(Collected data)

lemma diag_rep_seif_rels_iff:
  "diag_rep (seif_rels p1 q1 p2 q2 p3 q3) a d \<longleftrightarrow> a \<in> seif_homs p1 q1 p2 q2 p3 q3 \<and> d = inverse \<circ> a"
proof
  assume rep: "diag_rep (seif_rels p1 q1 p2 q2 p3 q3) a d"
  then have ad: "a g * d g = 1" for g
    by (simp add: diag_rep_def)
  have "a g \<noteq> 0" for g
    using ad[of g] by auto
  with rep have "a \<in> seif_homs p1 q1 p2 q2 p3 q3"
    by (auto simp: diag_rep_def seif_rels_def seif_homs_def mult.assoc)
  moreover have "d = inverse \<circ> a"
    using inverse_unique[OF ad] by auto
  ultimately show "a \<in> seif_homs p1 q1 p2 q2 p3 q3 \<and> d = inverse \<circ> a" ..
next
  assume "a \<in> seif_homs p1 q1 p2 q2 p3 q3 \<and> d = inverse \<circ> a"
  then show "diag_rep (seif_rels p1 q1 p2 q2 p3 q3) a d"
    by (auto simp: diag_rep_def seif_rels_def seif_homs_def word_val_inverse mult.assoc)
qed

definition diag_trace :: "(gen \<Rightarrow> complex) \<Rightarrow> word \<Rightarrow> complex" where
  "diag_trace a w = word_val a w + word_val (inverse \<circ> a) w"

lemma abelian_chars_seif_rels:
  "abelian_chars (seif_rels p1 q1 p2 q2 p3 q3) = diag_trace ` seif_homs p1 q1 p2 q2 p3 q3"
  unfolding abelian_chars_def diag_rep_seif_rels_iff by (auto simp: diag_trace_def[abs_def])

lemma add_inverse_eq_iff:
  fixes x y :: "'a::field"
  assumes "x \<noteq> 0" "y \<noteq> 0"
  shows "x + inverse x = y + inverse y \<longleftrightarrow> y = x \<or> y = inverse x"
proof -
  have diff: "x + inverse x - (y + inverse y) = (x - y) * (x * y - 1) / (x * y)"
    using assms by (simp add: field_simps)
  have "x + inverse x = y + inverse y \<longleftrightarrow> (x - y) * (x * y - 1) = 0"
    by (simp only: eq_iff_diff_eq_0[of "x + inverse x"] diff) (simp add: assms)
  also have "\<dots> \<longleftrightarrow> y = x \<or> x * y = 1"
    by auto
  also have "\<dots> \<longleftrightarrow> y = x \<or> y = inverse x"
    using assms inverse_unique[of x y] by auto
  finally show ?thesis .
qed

lemma diag_trace_eq_iff:
  assumes a: "\<forall>g. a g \<noteq> 0" and b: "\<forall>g. b g \<noteq> 0"
  shows "diag_trace a = diag_trace b \<longleftrightarrow> b = a \<or> b = inverse \<circ> a"
proof
  assume "b = a \<or> b = inverse \<circ> a"
  then show "diag_trace a = diag_trace b"
    by (auto simp: diag_trace_def[abs_def] word_val_inverse comp_def)
next
  assume traces: "diag_trace a = diag_trace b"
  (* one-letter words give b g \<in> {a g, 1 / a g}; two-letter words forbid mixing the choices *)
  have letter: "b g = a g \<or> b g = inverse (a g)" for g
    using fun_cong[OF traces, of "[(g, False)]"] a b
    by (simp add: diag_trace_def add_inverse_eq_iff)
  have pair: "b g * b h = a g * a h \<or> b g * b h = inverse (a g * a h)" for g h
    using fun_cong[OF traces, of "[(g, False), (h, False)]"] add_inverse_eq_iff[of "a g * a h" "b g * b h"] a b
    by (simp add: diag_trace_def inverse_mult_distrib)
  show "b = a \<or> b = inverse \<circ> a"
  proof (rule ccontr)
    assume "\<not> (b = a \<or> b = inverse \<circ> a)"
    then obtain g h where "b g \<noteq> a g" "b h \<noteq> inverse (a h)"
      by (auto simp: fun_eq_iff)
    then have "b g = inverse (a g)" "b h = a h" "a g \<noteq> inverse (a g)" "a h \<noteq> inverse (a h)"
      using letter[of g] letter[of h] by auto
    then show False
      using pair[of g h] a by (auto simp: inverse_mult_distrib)
  qed
qed

lemma card_image_involution:
  assumes "finite X" and "\<forall>x\<in>X. s x \<in> X \<and> s (s x) = x"
    and "\<forall>x\<in>X. \<forall>y\<in>X. f x = f y \<longleftrightarrow> y = x \<or> y = s x"
  shows "2 * card (f ` X) = card X + card {x \<in> X. s x = x}"
proof -
  let ?w = "\<lambda>x. 1 + (if s x = x then 1 else 0) :: nat"
  have fibre: "(\<Sum>x\<in>{x \<in> X. f x = y}. ?w x) = 2" if y: "y \<in> f ` X" for y
  proof -
    obtain x where x: "x \<in> X" "y = f x"
      using y by blast
    have fx: "{x' \<in> X. f x' = y} = {x, s x}"
      using x assms(2,3) by auto
    show ?thesis
    proof (cases "s x = x")
      case False
      moreover have "s (s x) = x"
        using assms(2) x(1) by blast
      ultimately show ?thesis
        by (simp add: fx)
    qed (simp add: fx)
  qed
  have "(\<Sum>x\<in>X. if s x = x then 1 else 0) = card {x \<in> X. s x = x}"
    using sum.inter_filter[OF assms(1), of "\<lambda>_. 1 :: nat" "\<lambda>x. s x = x"] by simp
  then have "card X + card {x \<in> X. s x = x} = (\<Sum>x\<in>X. ?w x)"
    unfolding sum.distrib by simp
  also have "\<dots> = (\<Sum>y\<in>f ` X. \<Sum>x\<in>{x \<in> X. f x = y}. ?w x)"
    by (rule sum.image_gen[OF assms(1)])
  also have "\<dots> = 2 * card (f ` X)"
    using fibre by simp
  finally show ?thesis ..
qed
lemma pgd_step_sq_dist_le:
  assumes z: "z \<in> X"
  shows "(norm (pgd_step X L g z - xs))\<^sup>2 \<le> (L - \<mu>) / (L + \<mu>) * (norm (z - xs))\<^sup>2"
proof -
  define p where "p = pgd_step X L g z"
  define a where "a = z - p"
  define b where "b = p - xs"
  have p: "p \<in> X" unfolding p_def using X(2,3) by (rule pgd_step_in)
  have "(z - (1 / L) *\<^sub>R g z - p) \<bullet> (xs - p) \<le> 0"
    unfolding p_def pgd_step_def using X(1,2) xs by (rule closest_point_dot)
  moreover have "z - (1 / L) *\<^sub>R g z - p = a - (1 / L) *\<^sub>R g z" "xs - p = - b"
    by (simp_all add: a_def b_def)
  ultimately have "(1 / L) * (g z \<bullet> b) \<le> a \<bullet> b"
    by (simp add: inner_diff_left)
  then have proj: "g z \<bullet> b \<le> L * (a \<bullet> b)"
    using mu by (simp add: field_simps)
  have opt: "0 \<le> g xs \<bullet> b"
    unfolding b_def by (rule minimizer_inner_gradient_nonneg[OF X(1) xs p min smooth[OF xs]])
  have ab: "(norm (a + b))\<^sup>2 = (norm a)\<^sup>2 + 2 * (a \<bullet> b) + (norm b)\<^sup>2"
    by (simp add: power2_norm_eq_inner inner_add_left inner_add_right inner_commute)
  have "f p - f z + g z \<bullet> a \<le> L / 2 * (norm a)\<^sup>2"
    using smooth[OF z p] by (simp add: a_def inner_diff_right norm_minus_commute)
  moreover have "\<mu> / 2 * (norm (a + b))\<^sup>2 \<le> f xs - f z + g z \<bullet> (a + b)"
    using strong[OF z xs] by (simp add: a_def b_def inner_diff_right norm_minus_commute)
  moreover have "\<mu> / 2 * (norm b)\<^sup>2 \<le> f p - f xs - g xs \<bullet> b"
    using strong[OF xs p] by (simp add: b_def)
  \<comment> \<open>Adding the three quadratic bounds cancels the function values; the gradient terms
    left over are controlled by \<open>proj\<close> and \<open>opt\<close>.\<close>
  ultimately have "(L + \<mu>) * (norm b)\<^sup>2 \<le> (L - \<mu>) * (norm (a + b))\<^sup>2"
    using proj opt ab by (simp add: inner_add_right algebra_simps)
  then show ?thesis
    using mu by (simp add: a_def b_def p_def pos_le_divide_eq mult.commute)
qed

lemma funpow_pgd_step_dist_le_half:
  assumes z: "z \<in> X"
    and rate: "((L - \<mu>) / (L + \<mu>)) ^ K \<le> 1 / 4"
  shows "norm ((pgd_step X L g ^^ K) z - xs) \<le> norm (z - xs) / 2"
proof -
  have "(norm ((pgd_step X L g ^^ K) z - xs))\<^sup>2 \<le> ((L - \<mu>) / (L + \<mu>)) ^ K * (norm (z - xs))\<^sup>2"
    using pgd_step_in[OF X(2,3)] pgd_step_sq_dist_le mu z
    by (intro funpow_sq_dist_le) auto
  also have "\<dots> \<le> 1 / 4 * (norm (z - xs))\<^sup>2"
    using rate by (rule mult_right_mono) simp
  also have "\<dots> = (norm (z - xs) / 2)\<^sup>2"
    by (simp add: power_divide)
  finally show ?thesis
    by (rule power2_le_imp_le) simp
qed

end

lemma one_minus_power_le_inverse:
  fixes r c :: real
  assumes "0 < r" "r \<le> 1" "0 < c" "ln c \<le> r * n"
  shows "(1 - r) ^ n \<le> 1 / c"
proof -
  have "(1 - r) ^ n \<le> exp (- r) ^ n"
    using assms exp_ge_add_one_self[of "- r"] by (intro power_mono) auto
  also have "\<dots> = exp (- (r * n))"
    by (simp add: mult.commute flip: exp_of_nat_mult)
  also have "\<dots> \<le> exp (- ln c)"
    using assms by simp
  also have "\<dots> = 1 / c"
    using assms by (simp add: exp_minus inverse_eq_divide)
  finally show ?thesis .
qed

lemma contraction_factor_power_le_quarter:
  fixes \<mu> L :: real
  assumes "0 < \<mu>" "\<mu> \<le> L"
  shows "((L - \<mu>) / (L + \<mu>)) ^ nat \<lceil>(L + \<mu>) / (2 * \<mu>) * ln 4\<rceil> \<le> 1 / 4"
proof -
  define r where "r = 2 * \<mu> / (L + \<mu>)"
  have r: "0 < r" "r \<le> 1" "(L - \<mu>) / (L + \<mu>) = 1 - r"
    using assms by (auto simp: r_def field_simps)
  have "ln 4 = r * ((L + \<mu>) / (2 * \<mu>) * ln 4)"
    using assms by (simp add: r_def)
  also have "\<dots> \<le> r * nat \<lceil>(L + \<mu>) / (2 * \<mu>) * ln 4\<rceil>"
    using r(1) by (intro mult_left_mono) (auto intro: real_nat_ceiling_ge)
  finally have "(1 - r) ^ nat \<lceil>(L + \<mu>) / (2 * \<mu>) * ln 4\<rceil> \<le> 1 / 4"
    using r by (intro one_minus_power_le_inverse) auto
  then show ?thesis
    using r(3) by simp
qed

lemma sum_le_of_linear_recursion:
  fixes a b :: "nat \<Rightarrow> real"
  assumes rec: "\<And>t. 2 \<le> t \<Longrightarrow> t \<le> T \<Longrightarrow> a t \<le> c * a (t - 1) + b t"
    and c: "0 \<le> c" and nonneg: "\<And>t. 0 \<le> a t"
  shows "(1 - c) * (\<Sum>t=1..T. a t) \<le> a 1 + (\<Sum>t=2..T. b t)"
proof (cases "T = 0")
  case True
  then show ?thesis using nonneg by simp
next
  case False
  have "(\<Sum>t=2..T. a t) \<le> (\<Sum>t=2..T. c * a (t - 1) + b t)"
    using rec by (intro sum_mono) auto
  also have "\<dots> = c * (\<Sum>t=1..<T. a t) + (\<Sum>t=2..T. b t)"
    by (simp only: sum.distrib sum_shift_pred flip: sum_distrib_left)
  also have "\<dots> \<le> c * (\<Sum>t=1..T. a t) + (\<Sum>t=2..T. b t)"
    using c nonneg by (auto intro!: mult_left_mono sum_mono2)
  finally show ?thesis
    using False by (simp add: sum.atLeast_Suc_atMost numeral_2_eq_2 algebra_simps)
qed

context
  fixes x y :: "nat \<Rightarrow> 'a::real_normed_vector" and T :: nat
  assumes halving: "\<And>t. 2 \<le> t \<Longrightarrow> t \<le> T \<Longrightarrow>
      norm (x t - y (t - 1)) \<le> norm (x (t - 1) - y (t - 1)) / 2"
begin

lemma tracking_error_le:
  assumes "2 \<le> t" "t \<le> T"
  shows "norm (x t - y t) \<le> 1 / 2 * norm (x (t - 1) - y (t - 1)) + norm (y t - y (t - 1))"
  using halving[OF assms] norm_triangle_ineq4[of "x t - y (t - 1)" "y t - y (t - 1)"] by simp

lemma sum_tracking_error_le:
  "(\<Sum>t=1..T. norm (x t - y t)) \<le> 2 * norm (x 1 - y 1) + 2 * (\<Sum>t=2..T. norm (y t - y (t - 1)))"
proof -
  have "(1 - 1 / 2) * (\<Sum>t=1..T. norm (x t - y t)) \<le> norm (x 1 - y 1) + (\<Sum>t=2..T. norm (y t - y (t - 1)))"
    by (rule sum_le_of_linear_recursion) (use tracking_error_le in auto)
  then show ?thesis
    by simp
qed

lemma sum_sq_tracking_error_le:
  "(\<Sum>t=1..T. (norm (x t - y t))\<^sup>2)
     \<le> 2 * ((norm (x 1 - y 1))\<^sup>2 + 2 * (\<Sum>t=2..T. (norm (y t - y (t - 1)))\<^sup>2))"
proof -
  have "(norm (x t - y t))\<^sup>2 \<le> 1 / 2 * (norm (x (t - 1) - y (t - 1)))\<^sup>2 + 2 * (norm (y t - y (t - 1)))\<^sup>2"
    if "2 \<le> t" "t \<le> T" for t
  proof -
    have "(norm (x t - y t))\<^sup>2 \<le> (1 / 2 * norm (x (t - 1) - y (t - 1)) + norm (y t - y (t - 1)))\<^sup>2"
      using tracking_error_le[OF that] by (intro power_mono) auto
    also have "\<dots> \<le> 1 / 2 * (norm (x (t - 1) - y (t - 1)))\<^sup>2 + 2 * (norm (y t - y (t - 1)))\<^sup>2"
      using sum_squares_ge_zero[of "1 / 2 * norm (x (t - 1) - y (t - 1)) - norm (y t - y (t - 1))" 0]
      by (simp add: power2_eq_square algebra_simps)
    finally show ?thesis .
  qed
  then have "(1 - 1 / 2) * (\<Sum>t=1..T. (norm (x t - y t))\<^sup>2)
      \<le> (norm (x 1 - y 1))\<^sup>2 + (\<Sum>t=2..T. 2 * (norm (y t - y (t - 1)))\<^sup>2)"
    by (intro sum_le_of_linear_recursion) auto
  moreover have "(\<Sum>t=2..T. 2 * (norm (y t - y (t - 1)))\<^sup>2) = 2 * (\<Sum>t=2..T. (norm (y t - y (t - 1)))\<^sup>2)"
    by (simp add: sum_distrib_left)
  ultimately show ?thesis
    by simp
qed

lemma tracking_path_length_le:
  assumes "x 1 = x 0"
  shows "(\<Sum>t=1..T. norm (x t - x (t - 1))) \<le> 3 * norm (x 1 - y 1) + 3 * (\<Sum>t=2..T. norm (y t - y (t - 1)))"
proof -
  have "(\<Sum>t=1..T. norm (x t - x (t - 1))) = (\<Sum>t=2..T. norm (x t - x (t - 1)))"
    using assms by (cases T) (simp_all add: sum.atLeast_Suc_atMost numeral_2_eq_2)
  also have "\<dots> \<le> (\<Sum>t=2..T. 3 / 2 * norm (x (t - 1) - y (t - 1)))"
  proof (rule sum_mono)
    fix t assume "t \<in> {2..T}"
    then show "norm (x t - x (t - 1)) \<le> 3 / 2 * norm (x (t - 1) - y (t - 1))"
      using halving norm_triangle_ineq4[of "x t - y (t - 1)" "x (t - 1) - y (t - 1)"] by force
  qed
  also have "\<dots> = 3 / 2 * (\<Sum>t=1..<T. norm (x t - y t))"
    by (simp only: sum_shift_pred[of "\<lambda>t. norm (x t - y t)"] flip: sum_distrib_left)
  also have "\<dots> \<le> 3 / 2 * (\<Sum>t=1..T. norm (x t - y t))"
    by (auto intro!: sum_mono2)
  finally show ?thesis
    using sum_tracking_error_le by linarith
qed

end

theorem lemma13:
  fixes X :: "'a::euclidean_space set"
    and f :: "nat \<Rightarrow> 'a \<Rightarrow> real"
    and grad :: "nat \<Rightarrow> 'a \<Rightarrow> 'a"
    and xs :: "nat \<Rightarrow> 'a"
    and x0 :: 'a
    and T :: nat
    and \<mu> L \<alpha> :: real
  assumes T: "T \<ge> 1"
    and X: "X \<noteq> {}" "closed X" "convex X"
    and mu: "0 < \<mu>" "\<mu> \<le> L"
    and nonneg: "\<And>t x. t \<in> {1..T} \<Longrightarrow> x \<in> X \<Longrightarrow> f t x \<ge> 0"
    and deriv: "\<And>t x. t \<in> {1..T} \<Longrightarrow> x \<in> X \<Longrightarrow>
                  (f t has_derivative (\<lambda>h. grad t x \<bullet> h)) (at x within X)"
    and strong: "\<And>t x y. t \<in> {1..T} \<Longrightarrow> x \<in> X \<Longrightarrow> y \<in> X \<Longrightarrow>
                  \<mu> / 2 * (norm (y - x))\<^sup>2 \<le> f t y - f t x - grad t x \<bullet> (y - x)"
    and smooth: "\<And>t x y. t \<in> {1..T} \<Longrightarrow> x \<in> X \<Longrightarrow> y \<in> X \<Longrightarrow>
                  f t y - f t x - grad t x \<bullet> (y - x) \<le> L / 2 * (norm (y - x))\<^sup>2"
    and xs: "\<And>t. t \<in> {1..T} \<Longrightarrow> xs t \<in> X \<and> (\<forall>y\<in>X. f t (xs t) \<le> f t y)"
    and x0: "x0 \<in> X"
    and alpha: "\<alpha> > 0"
  shows "(let K = nat \<lceil>(L + \<mu>) / (2 * \<mu>) * ln 4\<rceil>;
              x = omgd X L grad K x0;
              P = (\<Sum>t=2..T. norm (xs t - xs (t - 1)));
              P2 = (\<Sum>t=2..T. (norm (xs t - xs (t - 1)))\<^sup>2)
          in (\<Sum>t=1..T. f t (x t) + norm (x t - x (t - 1)))
             \<le> (\<Sum>t=1..T. f t (xs t))
               + 1 / (2 * \<alpha>) * (\<Sum>t=1..T. (norm (grad t (xs t)))\<^sup>2)
               + (L + \<alpha>) * ((norm (x 1 - xs 1))\<^sup>2 + 2 * P2)
               + 3 * norm (x 1 - xs 1) + 3 * P)"
proof -
  define K where "K = nat \<lceil>(L + \<mu>) / (2 * \<mu>) * ln 4\<rceil>"
  define x where "x = omgd X L grad K x0"
  define P2 where "P2 = (\<Sum>t=2..T. (norm (xs t - xs (t - 1)))\<^sup>2)"
  have x_in: "x t \<in> X" for t
    unfolding x_def using X(2,1) x0 by (rule omgd_in)
  have halving: "norm (x t - xs (t - 1)) \<le> norm (x (t - 1) - xs (t - 1)) / 2"
    if "2 \<le> t" "t \<le> T" for t
  proof -
    obtain n where t: "t = Suc (Suc n)"
      using \<open>2 \<le> t\<close> by (metis add_2_eq_Suc le_Suc_ex)
    then have n: "Suc n \<in> {1..T}"
      using \<open>t \<le> T\<close> by simp
    have "x t = (pgd_step X L (grad (Suc n)) ^^ K) (x (Suc n))"
      by (simp add: t x_def)
    then show ?thesis
      using funpow_pgd_step_dist_le_half[OF X(3,2,1) mu strong[OF n] smooth[OF n] _ _ x_in]
        xs[OF n] contraction_factor_power_le_quarter[OF mu] t by (simp add: K_def)
  qed
  have "(\<Sum>t=1..T. f t (x t)) \<le> (\<Sum>t=1..T. f t (xs t)
      + 1 / (2 * \<alpha>) * (norm (grad t (xs t)))\<^sup>2 + (L + \<alpha>) / 2 * (norm (x t - xs t))\<^sup>2)"
    using smooth x_in xs alpha by (intro sum_mono value_le_of_upper_quadratic_bound) auto
  moreover have "(L + \<alpha>) / 2 * (\<Sum>t=1..T. (norm (x t - xs t))\<^sup>2)
      \<le> (L + \<alpha>) * ((norm (x 1 - xs 1))\<^sup>2 + 2 * P2)"
  proof -
    have "(\<Sum>t=1..T. (norm (x t - xs t))\<^sup>2) \<le> 2 * ((norm (x 1 - xs 1))\<^sup>2 + 2 * P2)"
      unfolding P2_def by (rule sum_sq_tracking_error_le) (rule halving)
    then have "(L + \<alpha>) / 2 * (\<Sum>t=1..T. (norm (x t - xs t))\<^sup>2)
        \<le> (L + \<alpha>) / 2 * (2 * ((norm (x 1 - xs 1))\<^sup>2 + 2 * P2))"
      using mu alpha by (intro mult_left_mono) auto
    also have "\<dots> = (L + \<alpha>) * ((norm (x 1 - xs 1))\<^sup>2 + 2 * P2)"
      by simp
    finally show ?thesis .
  qed
  moreover have "(\<Sum>t=1..T. norm (x t - x (t - 1)))
      \<le> 3 * norm (x 1 - xs 1) + 3 * (\<Sum>t=2..T. norm (xs t - xs (t - 1)))"
    by (rule tracking_path_length_le, rule halving) (simp_all add: x_def numeral_eq_Suc)
  ultimately show ?thesis
    unfolding Let_def K_def[symmetric] x_def[symmetric] P2_def[symmetric]
    by (simp add: sum.distrib sum_distrib_left)
qed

Task directions
Each line in the data that holds the string "only" should be found and copied.

Result of this task
    by (simp only: eq_iff_diff_eq_0[of "x + inverse x"] diff) (simp add: assms)
    by (simp only: sum.distrib sum_shift_pred flip: sum_distrib_left)
    by (simp only: sum_shift_pred[of "\<lambda>t. norm (x t - y t)"] flip: sum_distrib_left)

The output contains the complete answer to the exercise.